AQ: Well said. Where
are we keeping our nuclear bombs?
KB: The response
to this question is in two words: Strategic Ambiguity. If anyone
even claims he knows where our weapons are, they are wrong. And
if they think they do, they are in for a rude shock. Even within
the system, if someone doesn’t need to know about sensitive
sites, they don’t have that information. So very few in
Pakistan
would know where they are. And I’m not going to tell you
[smiling].
AQ: Really, I was
kind of hoping for a hint. Okay, are the safeguards in the
United States, Britain, France, Russia, China, Israel and India
any better than the Pakistani nuclear safeguards?
KB: Even if I
sound arrogant, ours are better. We have the advantage of
hindsight. We have worked hard, we have trained hard, and we are
very sure of what we have. We have learned from the best
international practices. We don’t have aircrafts flying around
with unauthorized nuclear missiles and we have a short nuclear
history compared to some of the countries you mentioned.
AQ: Media reports
have suggested that the Americans have helped Pakistan secure
its nuclear assets, which implies that the Americans have access
to Pakistani nukes?
KB: Ensuring
nuclear security is our own interest.

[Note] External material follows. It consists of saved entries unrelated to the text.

lemma kron_cup1_zero_factor:
  assumes "j \<in> {1..l}" "f j = (\<lambda>_. 0)"
  shows "kron (cup1 l f) t = 0"
proof -
  have "cup1 l f = (\<lambda>_. 0)"
    using assms by (auto simp: cup1_def fun_eq_iff intro: prod_zero)
  then show ?thesis
    by (simp add: kron_def)
qed

theorem proposition5p5:
  fixes V :: "'v set" and E :: "'v set set" and pos :: "'v \<Rightarrow> 'e::euclidean_space"
    and m l :: nat and v :: "nat \<Rightarrow> 'v" and Y :: "nat \<Rightarrow> 'e set"
    and \<alpha> g :: "nat \<Rightarrow> (nat \<Rightarrow> 'e) cochain"
    and t :: "(nat \<Rightarrow> nat \<Rightarrow> 'e) chain"
    and \<sigma> r :: "nat \<Rightarrow> nat"
  defines "T \<equiv> top_of_set (realisation E pos)"
  assumes tree: "geometric_tree V E pos"
    and ess: "bij_betw v {1..m} {w \<in> V. vdegree E w \<ge> 3}"
    and l: "1 \<le> l" "l \<le> m"
    and Ysub: "\<And>i. i \<in> {1..m} \<Longrightarrow> Y i \<subseteq> realisation E pos"
    and Yg: "\<And>i. i \<in> {1..m} \<Longrightarrow> Y_graph_at E pos (v i) (Y i)"
    and Ydisj: "\<And>i j. i \<in> {1..m} \<Longrightarrow> j \<in> {1..m} \<Longrightarrow> i \<noteq> j \<Longrightarrow> Y i \<inter> Y j = {}"
    and ggen: "\<And>j. j \<in> {1..m} \<Longrightarrow> generator_H1 (conf 2 (top_of_set (Y j))) (g j)"
    and \<alpha>cocycle: "\<And>i. i \<in> {1..m} \<Longrightarrow> cocycle 1 (conf 2 T) (\<alpha> i)"
    and \<alpha>restr: "\<And>i j. i \<in> {1..m} \<Longrightarrow> j \<in> {1..m} \<Longrightarrow>
        cohomologous 1 (conf 2 (top_of_set (Y j))) (cochain_pullback 1 id (\<alpha> i))
          (if i = j then g j else (\<lambda>_. 0))"
    and tcycle: "singular_relcycle l
        (product_topology (\<lambda>j. conf 2 (top_of_set (Y j))) {1..l}) {} t"
    and tnorm: "kron (cup1 l (\<lambda>j. cochain_pullback 1 (\<lambda>y. y j) (g j))) t = 1"
    and \<sigma>perm: "\<sigma> permutes {1..l}"
    and r: "\<And>j. j \<in> {1..l} \<Longrightarrow> r j \<in> {1..l}"
  shows "let val = kron (cup1 l (\<lambda>i. cochain_pullback 1 (Phi i) (\<alpha> (r i))))
                     (chain_map l (gperm l \<sigma>) (chain_map l (Psi l) t))
         in if (\<forall>j\<in>{1..l}. r j = \<sigma> j) then val = 1 \<or> val = -1 else val = 0"
proof -
  define B where "B i = (if r i = \<sigma> i then g (\<sigma> i) else (\<lambda>_. 0))" for i
  have lm: "{1..l} \<subseteq> {1..m}"
    using l by auto
  have "kron (cup1 l (\<lambda>i. cochain_pullback 1 (Phi i) (\<alpha> (r i))))
          (chain_map l (gperm l \<sigma>) (chain_map l (Psi l) t))
      = kron (cup1 l (\<lambda>i. cochain_pullback 1 (\<lambda>y. y (\<sigma> i)) (cochain_pullback 1 id (\<alpha> (r i))))) t"
    unfolding cochain_pullback_compose id_comp
    by (rule kron_cup1_gperm_Psi[OF \<sigma>perm, where Z = "\<lambda>j. top_of_set (Y j)"])
      (use tcycle in \<open>simp add: singular_cycle\<close>)
  also have "\<dots> = kron (cup1 l (\<lambda>i. cochain_pullback 1 (\<lambda>y. y (\<sigma> i)) (B i))) t"
  proof (rule kron_cup1_projections_cohomologous[OF \<sigma>perm tcycle])
    fix k assume k: "k \<in> {1..l}"
    then have m: "\<sigma> k \<in> {1..m}" "r k \<in> {1..m}"
      using permutes_in_image[OF \<sigma>perm, of k] r[OF k] lm by auto
    show "cocycle 1 (conf 2 (top_of_set (Y (\<sigma> k)))) (cochain_pullback 1 id (\<alpha> (r k)))"
      using continuous_map_conf_inclusion[OF Ysub[OF m(1)], folded T_def] \<alpha>cocycle[OF m(2)]
      by (rule cocycle_cochain_pullback)
    show "cocycle 1 (conf 2 (top_of_set (Y (\<sigma> k)))) (B k)"
      using ggen[OF m(1)] by (auto simp: B_def generator_H1_def cocycle_def coboundary_def)
    show "cohomologous 1 (conf 2 (top_of_set (Y (\<sigma> k)))) (cochain_pullback 1 id (\<alpha> (r k))) (B k)"
      unfolding B_def by (rule \<alpha>restr[OF m(2,1)])
  qed
  finally have val: "kron (cup1 l (\<lambda>i. cochain_pullback 1 (Phi i) (\<alpha> (r i))))
      (chain_map l (gperm l \<sigma>) (chain_map l (Psi l) t))
      = kron (cup1 l (\<lambda>i. cochain_pullback 1 (\<lambda>y. y (\<sigma> i)) (B i))) t" .
  show ?thesis
  proof (cases "\<forall>j\<in>{1..l}. r j = \<sigma> j")
    case True
    then have "kron (cup1 l (\<lambda>i. cochain_pullback 1 (\<lambda>y. y (\<sigma> i)) (B i))) t
        = kron (cup1 l (\<lambda>i. cochain_pullback 1 (\<lambda>y. y (\<sigma> i)) (g (\<sigma> i)))) t"
      by (intro arg_cong[where f = "\<lambda>\<phi>. kron \<phi> t"] cup1_cong) (simp add: B_def)
    also have "\<dots> = sign \<sigma>"
      using kron_cup1_projections_permute[OF \<sigma>perm tcycle] ggen lm tnorm
      by (auto simp: generator_H1_def)
    finally show ?thesis
      using True val by (cases \<sigma> rule: sign_cases) (simp_all add: Let_def)
  next
    case False
    then obtain j where "j \<in> {1..l}" "r j \<noteq> \<sigma> j"
      by blast
    then have "kron (cup1 l (\<lambda>i. cochain_pullback 1 (\<lambda>y. y (\<sigma> i)) (B i))) t = 0"
      by (intro kron_cup1_zero_factor) (auto simp: B_def cochain_pullback_def)
    with False val show ?thesis
      by (simp add: Let_def)
  qed
qed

We made the bomb, we have
the means to protect it, and we’re confident of that security.
But we do not mind exposure to education and awareness, but in a
completely non-intrusive way.
AQ: So you’re saying
you have exchanged ideas with the Americans but not given them
any access?
KB: Absolutely.
That’s out of the question. That’s the red line that was defined
even before we got into this exchange of ideas. We do have some
rudimentary equipment and some training [from the
U.S.]. And the kinds
of figures you have seen in the media [about U.S. financial aid
to secure Pakistani nuclear assets] are highly exaggerated.
AQ: The figure quoted
was in the tens of millions …
KB: A $100 million
was quoted in one report [New York Times, Nov. 2007].
Nowhere in that range.
AQ: Really?
KB: Nowhere.
AQ: Some Pakistanis
are concerned and are asking what if the rudimentary equipment
handed over to you contained a transmitter that could send out
signals to a satellite or something exposing where our
installations are?
KB: You have
responded to the question yourself. Anyone concerned in
Pakistan
would have thought about this. The Pakistani nuclear
establishment is always concerned about even the remotest of
possibilities. We have this responsibility on behalf of this
whole nation. It’s a sacred responsibility.
AQ: So let me put
this to rest once and for all: you have not given access to the
Americans as part of accepting their ‘help’?
KB: No access
whatsoever. There are no foreigners who have any access to any
Pakistani assets and they will never have. There are very few
Pakistanis, even within our policy circle, who have all the
information.
AQ: Does everyone
concerned inside and outside the region understand there will be
consequences if Pakistan’s strategic assets are attacked?
KB: Let me say it
in plain words: Those who have hostile intent would know that
any endeavor to attack
Pakistan in any way
will not be successful and it will be disastrous. Our weapons
are meant for deterrence and not for [aggression]. But we have
the capability to deal with any threat.
AQ: So we will
respond if we are attacked?
KB: My message is:
Don’t mess with us.
AQ: Late Mrs. Benazir
Bhutto had publicly warned a few weeks before her tragic death
that extremists could descend on the Pakistani capital,
Islamabad, and take control of the nearby nuclear installations
at Kahuta. Is this true?
KB: I don’t want
to get into the politics of this statement. But I’d like to make
two points.
One, Pakistan’s
nuclear assets are safe and secure. I say this with a lot of
confidence. And, Two, I’d request all Pakistanis, wherever they
are, that they should not mix politics with nuclear security.